7
votes

I was trying to run the below code in pyspark.

dbutils.widgets.text('config', '', 'config')

It was throwing me an error saying

 Traceback (most recent call last):
 File "<stdin>", line 1, in <module>
 NameError: name 'dbutils' is not defined

so, Is there any way I can run it in pyspark by including the databricks package ,like an import ?

Your help is appreciated

4
In a package/module I have from pyspark.dbutils import DBUtils and def get_secerts(dbutils: DBUtils): Then you can use dbutils.secrets.get() as you would in a notebook. - Jari Turkia

4 Answers

7
votes

as explained in https://docs.azuredatabricks.net/user-guide/dev-tools/db-connect.html#access-dbutils

depending on where you are executing your code directly on databricks server (eg. using databricks notebook to invoke your project egg file) or from your IDE using databricks-connect you should initialize dbutils as below. (where spark is your SparkSession)

def get_dbutils(spark):
    try:
        from pyspark.dbutils import DBUtils
        dbutils = DBUtils(spark)
    except ImportError:
        import IPython
        dbutils = IPython.get_ipython().user_ns["dbutils"]
    return dbutils

dbutils = get_dbutils(spark)
3
votes

As of databricks runtime v3.0 the answer provided by pprasad009 above no longer works. Now use the following:

def get_db_utils(spark):

      dbutils = None
      
      if spark.conf.get("spark.databricks.service.client.enabled") == "true":
        
        from pyspark.dbutils import DBUtils
        dbutils = DBUtils(spark)
      
      else:
        
        import IPython
        dbutils = IPython.get_ipython().user_ns["dbutils"]
      
      return dbutils

See: https://docs.microsoft.com/en-gb/azure/databricks/dev-tools/databricks-connect#access-dbutils

0
votes

In Scala you can

import com.databricks.dbutils_v1.DBUtilsHolder.dbutils

And follow below links for more dependency..

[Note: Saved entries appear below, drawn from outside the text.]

text \<open>Telescoping bound zeta_N(2) + 1/N <= 2, using 1/(N+1)^2 <= 1/N - 1/(N+1).\<close>

lemma zeta_trunc_two: "zeta_trunc N [2] + 1 / real N \<le> 2"
proof (induction N)
  case 0 then show ?case by simp
next
  case (Suc N)
  show ?case
  proof (cases "N = 0")
    case False
    have "(1 / real (Suc N)) ^ 2 \<le> 1 / (real N * real (Suc N))"
      using False by (simp add: power2_eq_square divide_le_cancel frac_le)
    also have "\<dots> = 1 / real N - 1 / real (Suc N)" using False by (simp add: field_simps)
    finally show ?thesis using Suc.IH by simp
  qed simp
qed

text \<open>Hence zeta_N(2,1,...,1) <= 2, the largest admissible case after comparison.\<close>

lemma zeta_trunc_two_ones: "zeta_trunc N (2 # replicate n 1) \<le> 2"
proof (induction n)
  case 0
  have "0 \<le> 1 / real N" by simp
  with zeta_trunc_two[of N] have "zeta_trunc N [2] \<le> 2" by linarith
  then show ?case by simp
next
  case (Suc n)
  have "0 \<le> (1 / real N) * zeta_trunc N (1 # replicate n 1)"
    by (simp add: zeta_trunc_nonneg)
  then have "zeta_trunc N (2 # 1 # replicate n 1) \<le> zeta_trunc N (2 # replicate n 1)"
    using zeta_trunc_absorb_one[of N "replicate n 1"] by linarith
  then show ?case using Suc by simp
qed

https://docs.databricks.com/user-guide/dev-tools/dbutils.html

-2
votes

I am assuming that you want the code to be run on databricks cluster. If so, then there is no need to import any package as Databricks by default includes all the necessary libraries for dbutils.

I tried using it on databricks (python/scala) notebook without importing any libraries and it works fine.

enter image description here